▸ **EXERCISE OBJECTIVE**:
Each line in the entries below that holds the string "powr" must be copied.

ENTRIES PROVIDED START

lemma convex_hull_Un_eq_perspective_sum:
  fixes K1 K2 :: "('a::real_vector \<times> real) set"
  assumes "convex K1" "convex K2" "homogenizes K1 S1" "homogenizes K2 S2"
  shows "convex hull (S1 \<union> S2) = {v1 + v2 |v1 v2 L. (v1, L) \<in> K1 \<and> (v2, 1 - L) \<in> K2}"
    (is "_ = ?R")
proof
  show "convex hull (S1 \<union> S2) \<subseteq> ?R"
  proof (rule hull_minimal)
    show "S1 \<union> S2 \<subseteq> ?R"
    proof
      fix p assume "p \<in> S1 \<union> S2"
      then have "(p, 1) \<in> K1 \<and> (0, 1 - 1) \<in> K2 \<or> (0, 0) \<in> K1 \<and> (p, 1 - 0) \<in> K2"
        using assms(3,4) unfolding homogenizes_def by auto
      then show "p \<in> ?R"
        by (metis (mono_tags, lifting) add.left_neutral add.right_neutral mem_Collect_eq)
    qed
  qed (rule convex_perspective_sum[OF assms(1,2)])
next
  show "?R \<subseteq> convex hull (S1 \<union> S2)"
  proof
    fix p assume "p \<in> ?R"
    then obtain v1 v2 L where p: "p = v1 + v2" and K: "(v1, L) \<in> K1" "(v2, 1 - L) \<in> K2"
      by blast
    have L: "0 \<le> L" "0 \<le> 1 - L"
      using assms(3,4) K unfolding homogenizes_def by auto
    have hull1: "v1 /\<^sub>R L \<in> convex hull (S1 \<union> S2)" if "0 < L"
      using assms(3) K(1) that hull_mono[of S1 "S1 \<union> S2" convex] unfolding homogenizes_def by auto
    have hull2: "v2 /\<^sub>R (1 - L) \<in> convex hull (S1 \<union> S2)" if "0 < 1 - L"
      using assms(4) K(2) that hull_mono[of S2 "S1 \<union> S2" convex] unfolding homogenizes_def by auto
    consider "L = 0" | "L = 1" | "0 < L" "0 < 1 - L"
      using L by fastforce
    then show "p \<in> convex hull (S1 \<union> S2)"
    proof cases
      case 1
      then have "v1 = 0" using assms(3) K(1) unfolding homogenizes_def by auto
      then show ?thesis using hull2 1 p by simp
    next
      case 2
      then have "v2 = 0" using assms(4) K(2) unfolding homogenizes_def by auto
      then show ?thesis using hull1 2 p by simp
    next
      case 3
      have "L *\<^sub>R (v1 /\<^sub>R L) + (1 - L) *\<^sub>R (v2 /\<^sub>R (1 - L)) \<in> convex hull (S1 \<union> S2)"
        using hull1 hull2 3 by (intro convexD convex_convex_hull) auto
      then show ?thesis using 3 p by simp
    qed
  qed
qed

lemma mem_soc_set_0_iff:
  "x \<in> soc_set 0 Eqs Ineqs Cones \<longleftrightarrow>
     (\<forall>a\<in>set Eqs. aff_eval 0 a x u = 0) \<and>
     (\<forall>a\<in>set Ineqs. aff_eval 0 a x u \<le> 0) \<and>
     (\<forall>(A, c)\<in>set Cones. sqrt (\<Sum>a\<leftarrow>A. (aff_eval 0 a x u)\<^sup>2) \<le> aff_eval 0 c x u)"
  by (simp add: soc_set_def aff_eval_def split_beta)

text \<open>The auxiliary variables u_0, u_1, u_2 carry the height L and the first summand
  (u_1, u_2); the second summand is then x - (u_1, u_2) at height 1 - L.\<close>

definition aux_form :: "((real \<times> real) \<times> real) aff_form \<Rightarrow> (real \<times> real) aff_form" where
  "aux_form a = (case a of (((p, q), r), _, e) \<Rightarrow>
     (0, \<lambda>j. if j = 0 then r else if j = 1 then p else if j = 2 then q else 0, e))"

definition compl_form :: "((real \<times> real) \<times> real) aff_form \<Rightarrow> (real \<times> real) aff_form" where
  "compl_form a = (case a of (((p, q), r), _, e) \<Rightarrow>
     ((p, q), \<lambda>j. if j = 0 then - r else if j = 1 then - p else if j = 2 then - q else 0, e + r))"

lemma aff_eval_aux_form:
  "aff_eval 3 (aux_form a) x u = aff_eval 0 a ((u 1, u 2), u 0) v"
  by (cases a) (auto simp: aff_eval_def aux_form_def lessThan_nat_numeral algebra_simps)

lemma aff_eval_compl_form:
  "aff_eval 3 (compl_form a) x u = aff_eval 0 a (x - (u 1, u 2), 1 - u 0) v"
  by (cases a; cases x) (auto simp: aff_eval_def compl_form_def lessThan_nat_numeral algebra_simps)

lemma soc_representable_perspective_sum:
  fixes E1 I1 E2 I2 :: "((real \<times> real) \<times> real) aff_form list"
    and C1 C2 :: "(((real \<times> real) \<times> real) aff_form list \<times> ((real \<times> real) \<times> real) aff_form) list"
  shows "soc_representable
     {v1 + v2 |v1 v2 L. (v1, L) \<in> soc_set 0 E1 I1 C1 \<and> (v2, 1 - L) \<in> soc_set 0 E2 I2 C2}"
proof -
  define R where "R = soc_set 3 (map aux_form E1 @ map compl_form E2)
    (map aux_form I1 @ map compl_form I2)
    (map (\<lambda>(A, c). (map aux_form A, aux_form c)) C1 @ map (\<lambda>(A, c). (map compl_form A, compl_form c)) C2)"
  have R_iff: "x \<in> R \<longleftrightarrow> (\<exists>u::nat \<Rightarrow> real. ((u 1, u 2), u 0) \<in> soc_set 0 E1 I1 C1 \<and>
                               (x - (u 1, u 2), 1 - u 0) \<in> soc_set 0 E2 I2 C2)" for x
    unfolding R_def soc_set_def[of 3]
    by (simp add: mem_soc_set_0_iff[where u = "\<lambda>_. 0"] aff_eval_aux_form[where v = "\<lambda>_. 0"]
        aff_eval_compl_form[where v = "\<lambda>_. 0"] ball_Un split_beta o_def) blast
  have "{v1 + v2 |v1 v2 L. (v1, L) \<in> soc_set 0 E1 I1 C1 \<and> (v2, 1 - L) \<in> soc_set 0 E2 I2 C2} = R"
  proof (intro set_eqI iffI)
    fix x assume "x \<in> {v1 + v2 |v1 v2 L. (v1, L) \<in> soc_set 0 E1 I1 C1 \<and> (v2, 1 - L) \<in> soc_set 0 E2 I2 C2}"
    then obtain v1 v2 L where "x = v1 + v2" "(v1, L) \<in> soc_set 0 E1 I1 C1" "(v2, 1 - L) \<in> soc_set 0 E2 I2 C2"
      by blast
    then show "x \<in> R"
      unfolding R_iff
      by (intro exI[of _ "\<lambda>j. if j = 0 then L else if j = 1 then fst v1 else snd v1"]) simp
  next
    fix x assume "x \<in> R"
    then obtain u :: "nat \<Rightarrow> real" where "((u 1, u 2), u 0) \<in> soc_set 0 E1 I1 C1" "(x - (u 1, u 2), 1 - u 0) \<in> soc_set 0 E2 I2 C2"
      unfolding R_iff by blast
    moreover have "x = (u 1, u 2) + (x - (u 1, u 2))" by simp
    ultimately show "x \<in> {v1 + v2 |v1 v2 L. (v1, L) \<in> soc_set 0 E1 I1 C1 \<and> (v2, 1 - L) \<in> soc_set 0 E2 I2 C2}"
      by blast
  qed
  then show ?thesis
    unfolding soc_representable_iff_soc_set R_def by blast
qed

ENTRIES PROVIDED END
ENTRIES PROVIDED START

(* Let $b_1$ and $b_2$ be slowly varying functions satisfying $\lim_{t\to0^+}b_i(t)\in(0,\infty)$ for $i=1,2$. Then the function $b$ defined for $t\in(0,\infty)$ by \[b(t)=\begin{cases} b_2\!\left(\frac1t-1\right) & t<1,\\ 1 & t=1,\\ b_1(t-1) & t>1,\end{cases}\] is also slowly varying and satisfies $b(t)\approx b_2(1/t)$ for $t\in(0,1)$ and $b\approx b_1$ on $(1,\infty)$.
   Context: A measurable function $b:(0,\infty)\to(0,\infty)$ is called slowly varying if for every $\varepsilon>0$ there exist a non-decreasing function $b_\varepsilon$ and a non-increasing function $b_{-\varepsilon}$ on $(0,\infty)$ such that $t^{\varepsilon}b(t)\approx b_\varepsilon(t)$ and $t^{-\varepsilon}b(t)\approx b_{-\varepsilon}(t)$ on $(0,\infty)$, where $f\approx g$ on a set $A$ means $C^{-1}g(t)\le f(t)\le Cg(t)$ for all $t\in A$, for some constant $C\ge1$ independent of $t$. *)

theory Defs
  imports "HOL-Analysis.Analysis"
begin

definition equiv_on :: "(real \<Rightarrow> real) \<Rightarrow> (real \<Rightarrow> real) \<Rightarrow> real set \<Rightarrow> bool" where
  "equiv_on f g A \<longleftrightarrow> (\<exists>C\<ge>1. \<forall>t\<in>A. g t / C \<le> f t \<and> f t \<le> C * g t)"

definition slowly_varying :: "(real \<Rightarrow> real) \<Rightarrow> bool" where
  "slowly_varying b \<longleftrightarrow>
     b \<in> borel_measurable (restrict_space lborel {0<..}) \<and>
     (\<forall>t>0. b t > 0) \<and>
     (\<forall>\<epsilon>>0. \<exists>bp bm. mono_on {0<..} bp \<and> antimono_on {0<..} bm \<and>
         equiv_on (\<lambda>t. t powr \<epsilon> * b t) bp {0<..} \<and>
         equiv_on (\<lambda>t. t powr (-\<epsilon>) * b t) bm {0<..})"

ENTRIES PROVIDED END

▸ **RESPONSE TO THE EXERCISE**:
         equiv_on (\<lambda>t. t powr \<epsilon> * b t) bp {0<..} \<and>
         equiv_on (\<lambda>t. t powr (-\<epsilon>) * b t) bm {0<..})"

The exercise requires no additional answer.